● Exercise input:
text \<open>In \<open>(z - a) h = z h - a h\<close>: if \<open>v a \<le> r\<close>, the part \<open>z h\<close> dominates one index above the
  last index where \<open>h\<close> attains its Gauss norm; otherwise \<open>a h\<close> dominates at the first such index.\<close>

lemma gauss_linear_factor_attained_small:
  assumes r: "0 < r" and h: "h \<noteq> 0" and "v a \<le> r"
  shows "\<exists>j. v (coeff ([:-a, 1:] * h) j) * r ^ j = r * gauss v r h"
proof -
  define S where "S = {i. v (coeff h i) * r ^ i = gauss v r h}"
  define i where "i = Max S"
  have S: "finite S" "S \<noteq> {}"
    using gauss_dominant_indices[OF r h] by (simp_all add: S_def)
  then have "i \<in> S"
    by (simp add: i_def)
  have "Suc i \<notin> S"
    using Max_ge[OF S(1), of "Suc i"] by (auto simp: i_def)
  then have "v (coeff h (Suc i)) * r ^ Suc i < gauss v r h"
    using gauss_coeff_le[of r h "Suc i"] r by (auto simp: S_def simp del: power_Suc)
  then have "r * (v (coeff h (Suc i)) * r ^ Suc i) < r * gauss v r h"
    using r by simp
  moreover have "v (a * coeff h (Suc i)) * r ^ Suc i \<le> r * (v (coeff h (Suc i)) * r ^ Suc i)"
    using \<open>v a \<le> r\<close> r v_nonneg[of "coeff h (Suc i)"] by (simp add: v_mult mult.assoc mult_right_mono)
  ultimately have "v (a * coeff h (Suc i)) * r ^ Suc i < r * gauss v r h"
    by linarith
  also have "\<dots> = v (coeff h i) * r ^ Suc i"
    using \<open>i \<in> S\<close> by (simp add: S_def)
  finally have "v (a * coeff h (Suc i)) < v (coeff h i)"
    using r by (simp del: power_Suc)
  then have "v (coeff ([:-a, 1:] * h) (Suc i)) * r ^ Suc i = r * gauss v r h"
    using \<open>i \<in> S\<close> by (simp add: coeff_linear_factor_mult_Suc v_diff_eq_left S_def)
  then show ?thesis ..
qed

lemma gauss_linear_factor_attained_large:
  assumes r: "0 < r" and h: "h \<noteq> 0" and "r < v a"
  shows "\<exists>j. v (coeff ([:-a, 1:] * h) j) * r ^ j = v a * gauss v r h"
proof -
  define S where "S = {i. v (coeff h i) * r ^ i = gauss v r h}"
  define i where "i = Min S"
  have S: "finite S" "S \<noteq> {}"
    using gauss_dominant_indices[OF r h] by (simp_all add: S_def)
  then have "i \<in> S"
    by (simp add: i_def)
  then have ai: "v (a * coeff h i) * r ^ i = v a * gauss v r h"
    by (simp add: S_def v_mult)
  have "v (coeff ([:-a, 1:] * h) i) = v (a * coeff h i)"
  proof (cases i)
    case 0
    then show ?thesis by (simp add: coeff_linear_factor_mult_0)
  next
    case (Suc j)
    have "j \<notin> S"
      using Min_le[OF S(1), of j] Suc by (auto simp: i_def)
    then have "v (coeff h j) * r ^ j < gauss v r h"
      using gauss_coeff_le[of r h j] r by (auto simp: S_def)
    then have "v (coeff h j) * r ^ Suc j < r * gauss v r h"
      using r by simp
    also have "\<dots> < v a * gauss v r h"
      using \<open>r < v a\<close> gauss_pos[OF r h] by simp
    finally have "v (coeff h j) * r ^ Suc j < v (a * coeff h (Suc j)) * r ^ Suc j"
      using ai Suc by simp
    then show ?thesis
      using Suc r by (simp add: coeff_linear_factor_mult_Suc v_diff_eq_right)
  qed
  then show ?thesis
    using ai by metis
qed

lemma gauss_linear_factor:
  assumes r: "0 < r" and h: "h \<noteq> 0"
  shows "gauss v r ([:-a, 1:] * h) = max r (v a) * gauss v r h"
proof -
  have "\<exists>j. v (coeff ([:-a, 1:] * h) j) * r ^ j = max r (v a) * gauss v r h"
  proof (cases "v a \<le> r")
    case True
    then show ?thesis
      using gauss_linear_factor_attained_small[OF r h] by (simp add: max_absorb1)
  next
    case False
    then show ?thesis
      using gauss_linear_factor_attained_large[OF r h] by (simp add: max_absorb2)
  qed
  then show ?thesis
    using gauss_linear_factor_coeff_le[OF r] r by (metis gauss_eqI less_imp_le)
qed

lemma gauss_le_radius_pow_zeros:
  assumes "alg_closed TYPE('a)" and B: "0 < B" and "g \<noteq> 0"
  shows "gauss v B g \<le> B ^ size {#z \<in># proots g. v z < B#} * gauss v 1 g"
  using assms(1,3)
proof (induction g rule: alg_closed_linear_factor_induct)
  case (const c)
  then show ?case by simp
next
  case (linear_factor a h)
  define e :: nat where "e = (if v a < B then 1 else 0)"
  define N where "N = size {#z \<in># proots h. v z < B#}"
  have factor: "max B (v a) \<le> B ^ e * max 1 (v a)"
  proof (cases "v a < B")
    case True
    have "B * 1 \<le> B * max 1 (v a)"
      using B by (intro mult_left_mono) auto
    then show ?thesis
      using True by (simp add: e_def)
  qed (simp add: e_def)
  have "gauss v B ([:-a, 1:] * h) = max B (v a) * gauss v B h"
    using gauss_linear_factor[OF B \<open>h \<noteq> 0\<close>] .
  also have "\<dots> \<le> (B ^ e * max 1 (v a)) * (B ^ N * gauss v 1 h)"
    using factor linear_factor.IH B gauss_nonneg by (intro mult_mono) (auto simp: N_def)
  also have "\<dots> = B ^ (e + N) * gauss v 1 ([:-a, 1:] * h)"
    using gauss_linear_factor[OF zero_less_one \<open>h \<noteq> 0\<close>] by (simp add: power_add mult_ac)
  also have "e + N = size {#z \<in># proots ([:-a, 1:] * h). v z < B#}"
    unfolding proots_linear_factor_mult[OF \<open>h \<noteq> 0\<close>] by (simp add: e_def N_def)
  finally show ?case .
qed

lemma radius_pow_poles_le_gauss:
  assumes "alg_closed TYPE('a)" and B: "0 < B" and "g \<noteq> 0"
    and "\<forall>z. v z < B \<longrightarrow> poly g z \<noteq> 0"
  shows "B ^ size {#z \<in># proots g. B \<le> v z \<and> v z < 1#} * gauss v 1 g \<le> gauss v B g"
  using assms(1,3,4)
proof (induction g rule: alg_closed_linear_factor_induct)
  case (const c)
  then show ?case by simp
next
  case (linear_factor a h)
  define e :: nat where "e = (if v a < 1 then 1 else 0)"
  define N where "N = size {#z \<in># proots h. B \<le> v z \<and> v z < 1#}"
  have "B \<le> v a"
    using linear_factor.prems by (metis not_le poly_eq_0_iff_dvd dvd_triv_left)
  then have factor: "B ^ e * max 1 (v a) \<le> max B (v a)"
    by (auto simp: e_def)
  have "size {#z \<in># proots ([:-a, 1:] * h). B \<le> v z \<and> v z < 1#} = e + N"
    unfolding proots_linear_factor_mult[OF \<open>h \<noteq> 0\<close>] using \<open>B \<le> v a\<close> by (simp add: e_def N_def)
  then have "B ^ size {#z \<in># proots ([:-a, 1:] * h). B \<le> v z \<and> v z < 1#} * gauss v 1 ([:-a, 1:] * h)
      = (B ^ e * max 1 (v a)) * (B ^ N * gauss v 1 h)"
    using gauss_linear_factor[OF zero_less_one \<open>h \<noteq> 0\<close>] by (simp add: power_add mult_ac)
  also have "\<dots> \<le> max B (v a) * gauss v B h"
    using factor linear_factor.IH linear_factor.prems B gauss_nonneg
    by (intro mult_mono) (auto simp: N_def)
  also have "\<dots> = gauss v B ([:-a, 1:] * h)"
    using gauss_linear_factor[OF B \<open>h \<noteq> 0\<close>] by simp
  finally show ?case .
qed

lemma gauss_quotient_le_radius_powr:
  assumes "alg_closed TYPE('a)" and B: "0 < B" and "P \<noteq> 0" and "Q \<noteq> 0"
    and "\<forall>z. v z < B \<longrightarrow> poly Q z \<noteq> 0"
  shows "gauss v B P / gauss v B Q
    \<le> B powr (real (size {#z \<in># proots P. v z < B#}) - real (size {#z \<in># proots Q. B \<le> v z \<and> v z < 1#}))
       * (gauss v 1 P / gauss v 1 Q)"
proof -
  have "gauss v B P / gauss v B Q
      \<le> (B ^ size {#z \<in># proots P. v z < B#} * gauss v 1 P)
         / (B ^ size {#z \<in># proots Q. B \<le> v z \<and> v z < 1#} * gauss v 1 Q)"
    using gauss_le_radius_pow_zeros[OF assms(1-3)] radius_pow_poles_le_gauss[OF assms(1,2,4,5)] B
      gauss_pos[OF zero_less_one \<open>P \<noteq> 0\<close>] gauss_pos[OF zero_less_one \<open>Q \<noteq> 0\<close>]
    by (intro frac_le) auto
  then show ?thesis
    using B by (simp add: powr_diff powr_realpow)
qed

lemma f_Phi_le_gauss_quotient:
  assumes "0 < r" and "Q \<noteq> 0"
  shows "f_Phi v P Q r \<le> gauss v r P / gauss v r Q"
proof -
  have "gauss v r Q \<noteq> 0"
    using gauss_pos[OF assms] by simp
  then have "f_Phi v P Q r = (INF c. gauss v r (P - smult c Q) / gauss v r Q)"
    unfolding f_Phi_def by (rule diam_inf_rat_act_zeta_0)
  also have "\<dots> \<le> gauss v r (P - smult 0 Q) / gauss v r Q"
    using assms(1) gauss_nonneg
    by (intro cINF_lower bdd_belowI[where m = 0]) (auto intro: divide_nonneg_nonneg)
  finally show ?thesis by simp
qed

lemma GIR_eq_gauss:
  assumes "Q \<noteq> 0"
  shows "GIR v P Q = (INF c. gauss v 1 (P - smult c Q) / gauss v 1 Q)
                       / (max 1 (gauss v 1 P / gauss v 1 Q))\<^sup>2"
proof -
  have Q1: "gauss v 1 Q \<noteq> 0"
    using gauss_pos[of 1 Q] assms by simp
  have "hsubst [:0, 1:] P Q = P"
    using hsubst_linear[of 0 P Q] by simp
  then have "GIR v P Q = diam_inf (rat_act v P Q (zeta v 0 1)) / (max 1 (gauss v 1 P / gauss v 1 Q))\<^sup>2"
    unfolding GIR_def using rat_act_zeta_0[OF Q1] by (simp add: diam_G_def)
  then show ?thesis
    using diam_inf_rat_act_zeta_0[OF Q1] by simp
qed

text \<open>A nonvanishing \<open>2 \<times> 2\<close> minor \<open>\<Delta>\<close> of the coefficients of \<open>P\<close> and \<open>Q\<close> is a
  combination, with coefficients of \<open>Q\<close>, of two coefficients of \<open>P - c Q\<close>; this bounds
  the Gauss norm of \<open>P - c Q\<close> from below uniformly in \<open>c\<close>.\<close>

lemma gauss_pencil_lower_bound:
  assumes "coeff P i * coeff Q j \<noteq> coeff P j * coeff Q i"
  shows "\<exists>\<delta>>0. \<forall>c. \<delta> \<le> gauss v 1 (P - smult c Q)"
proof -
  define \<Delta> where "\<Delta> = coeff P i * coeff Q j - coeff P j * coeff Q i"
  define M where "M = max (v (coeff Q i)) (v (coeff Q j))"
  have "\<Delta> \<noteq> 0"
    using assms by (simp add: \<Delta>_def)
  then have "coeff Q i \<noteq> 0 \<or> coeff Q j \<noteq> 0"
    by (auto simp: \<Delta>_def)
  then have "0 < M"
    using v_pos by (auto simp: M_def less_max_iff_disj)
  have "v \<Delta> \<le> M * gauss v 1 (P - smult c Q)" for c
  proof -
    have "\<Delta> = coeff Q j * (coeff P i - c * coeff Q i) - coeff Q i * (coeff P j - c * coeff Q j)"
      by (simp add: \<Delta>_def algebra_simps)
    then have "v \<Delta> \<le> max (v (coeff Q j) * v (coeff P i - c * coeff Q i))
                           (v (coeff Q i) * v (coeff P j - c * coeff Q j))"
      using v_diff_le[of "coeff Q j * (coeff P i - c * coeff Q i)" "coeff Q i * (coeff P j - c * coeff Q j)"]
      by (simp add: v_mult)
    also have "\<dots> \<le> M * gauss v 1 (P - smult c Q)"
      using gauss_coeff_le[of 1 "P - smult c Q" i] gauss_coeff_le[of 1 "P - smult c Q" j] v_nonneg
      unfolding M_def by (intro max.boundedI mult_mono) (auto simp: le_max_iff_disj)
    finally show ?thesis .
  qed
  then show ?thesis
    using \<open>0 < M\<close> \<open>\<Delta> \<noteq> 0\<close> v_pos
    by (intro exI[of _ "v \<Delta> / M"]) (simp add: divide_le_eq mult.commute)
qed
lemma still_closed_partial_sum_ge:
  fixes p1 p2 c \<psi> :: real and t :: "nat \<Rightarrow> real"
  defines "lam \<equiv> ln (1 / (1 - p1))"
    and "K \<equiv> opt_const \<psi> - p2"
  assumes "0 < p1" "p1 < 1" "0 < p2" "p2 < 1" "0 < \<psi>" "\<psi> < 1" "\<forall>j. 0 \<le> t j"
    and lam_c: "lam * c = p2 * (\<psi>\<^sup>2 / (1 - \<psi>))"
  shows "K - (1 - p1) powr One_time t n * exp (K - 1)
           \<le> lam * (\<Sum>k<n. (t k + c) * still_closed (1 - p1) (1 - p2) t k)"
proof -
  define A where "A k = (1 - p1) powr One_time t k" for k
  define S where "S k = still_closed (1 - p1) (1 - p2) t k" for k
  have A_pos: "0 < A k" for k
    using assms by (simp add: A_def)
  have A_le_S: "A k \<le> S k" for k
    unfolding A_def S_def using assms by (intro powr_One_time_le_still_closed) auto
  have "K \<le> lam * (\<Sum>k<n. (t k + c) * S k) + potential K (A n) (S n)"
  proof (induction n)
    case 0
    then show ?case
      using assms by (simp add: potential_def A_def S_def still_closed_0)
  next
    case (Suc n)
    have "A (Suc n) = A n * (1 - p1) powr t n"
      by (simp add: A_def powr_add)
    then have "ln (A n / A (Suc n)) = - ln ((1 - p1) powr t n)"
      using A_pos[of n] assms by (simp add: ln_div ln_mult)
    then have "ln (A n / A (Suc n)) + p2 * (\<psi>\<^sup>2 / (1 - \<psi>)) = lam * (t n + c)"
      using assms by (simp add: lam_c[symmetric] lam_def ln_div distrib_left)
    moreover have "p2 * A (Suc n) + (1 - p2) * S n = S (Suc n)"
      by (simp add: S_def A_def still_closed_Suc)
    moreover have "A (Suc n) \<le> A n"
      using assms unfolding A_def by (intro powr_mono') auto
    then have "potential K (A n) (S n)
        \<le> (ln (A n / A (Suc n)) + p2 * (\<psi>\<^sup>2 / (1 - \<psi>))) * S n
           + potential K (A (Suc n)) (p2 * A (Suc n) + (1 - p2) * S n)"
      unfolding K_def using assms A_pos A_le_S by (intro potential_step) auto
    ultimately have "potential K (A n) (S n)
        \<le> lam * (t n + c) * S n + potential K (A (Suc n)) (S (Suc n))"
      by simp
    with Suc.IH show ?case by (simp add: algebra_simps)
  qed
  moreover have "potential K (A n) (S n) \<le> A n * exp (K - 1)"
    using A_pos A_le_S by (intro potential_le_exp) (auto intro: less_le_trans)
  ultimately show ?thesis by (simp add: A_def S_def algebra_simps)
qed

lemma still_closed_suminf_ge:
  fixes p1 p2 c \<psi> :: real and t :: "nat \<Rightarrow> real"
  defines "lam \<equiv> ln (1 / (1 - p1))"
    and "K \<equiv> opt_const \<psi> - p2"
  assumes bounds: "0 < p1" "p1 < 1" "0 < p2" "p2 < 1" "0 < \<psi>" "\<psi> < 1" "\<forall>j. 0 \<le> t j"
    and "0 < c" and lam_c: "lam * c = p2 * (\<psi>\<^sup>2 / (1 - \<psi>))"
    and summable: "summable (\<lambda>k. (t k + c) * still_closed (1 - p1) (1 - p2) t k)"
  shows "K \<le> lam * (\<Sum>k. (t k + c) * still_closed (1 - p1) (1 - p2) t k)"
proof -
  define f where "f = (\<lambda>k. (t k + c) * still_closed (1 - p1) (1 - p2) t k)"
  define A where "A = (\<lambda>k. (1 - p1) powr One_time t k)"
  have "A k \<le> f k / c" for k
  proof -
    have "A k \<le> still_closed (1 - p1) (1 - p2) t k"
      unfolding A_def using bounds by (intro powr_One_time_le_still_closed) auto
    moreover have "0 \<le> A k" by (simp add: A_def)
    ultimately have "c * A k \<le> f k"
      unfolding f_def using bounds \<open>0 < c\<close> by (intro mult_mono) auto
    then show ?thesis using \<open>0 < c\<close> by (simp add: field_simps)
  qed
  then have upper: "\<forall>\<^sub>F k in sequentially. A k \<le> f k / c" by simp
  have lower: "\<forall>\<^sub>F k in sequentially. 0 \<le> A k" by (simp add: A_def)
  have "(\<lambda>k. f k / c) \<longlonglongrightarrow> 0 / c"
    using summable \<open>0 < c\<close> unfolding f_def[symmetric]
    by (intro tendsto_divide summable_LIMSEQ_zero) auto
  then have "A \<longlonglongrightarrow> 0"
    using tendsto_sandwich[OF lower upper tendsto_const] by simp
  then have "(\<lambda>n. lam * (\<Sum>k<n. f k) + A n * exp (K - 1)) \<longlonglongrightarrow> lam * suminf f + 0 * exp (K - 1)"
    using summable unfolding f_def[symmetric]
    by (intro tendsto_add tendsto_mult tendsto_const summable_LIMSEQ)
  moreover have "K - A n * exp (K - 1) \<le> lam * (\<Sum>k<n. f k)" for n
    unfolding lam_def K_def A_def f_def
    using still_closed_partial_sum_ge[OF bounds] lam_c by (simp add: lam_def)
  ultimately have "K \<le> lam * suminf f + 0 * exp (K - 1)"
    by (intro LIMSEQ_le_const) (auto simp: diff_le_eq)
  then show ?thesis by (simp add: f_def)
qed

● Exercise objective: Beginning with the very first line of the material, please return exactly each line down to and including the one with "Suc i \<le>".

● Response area:
text \<open>In \<open>(z - a) h = z h - a h\<close>: if \<open>v a \<le> r\<close>, the part \<open>z h\<close> dominates one index above the
  last index where \<open>h\<close> attains its Gauss norm; otherwise \<open>a h\<close> dominates at the first such index.\<close>

lemma gauss_linear_factor_attained_small:
  assumes r: "0 < r" and h: "h \<noteq> 0" and "v a \<le> r"
  shows "\<exists>j. v (coeff ([:-a, 1:] * h) j) * r ^ j = r * gauss v r h"
proof -
  define S where "S = {i. v (coeff h i) * r ^ i = gauss v r h}"
  define i where "i = Max S"
  have S: "finite S" "S \<noteq> {}"
    using gauss_dominant_indices[OF r h] by (simp_all add: S_def)
  then have "i \<in> S"
    by (simp add: i_def)
  have "Suc i \<notin> S"
    using Max_ge[OF S(1), of "Suc i"] by (auto simp: i_def)
  then have "v (coeff h (Suc i)) * r ^ Suc i < gauss v r h"
    using gauss_coeff_le[of r h "Suc i"] r by (auto simp: S_def simp del: power_Suc)
  then have "r * (v (coeff h (Suc i)) * r ^ Suc i) < r * gauss v r h"
    using r by simp
  moreover have "v (a * coeff h (Suc i)) * r ^ Suc i \<le> r * (v (coeff h (Suc i)) * r ^ Suc i)"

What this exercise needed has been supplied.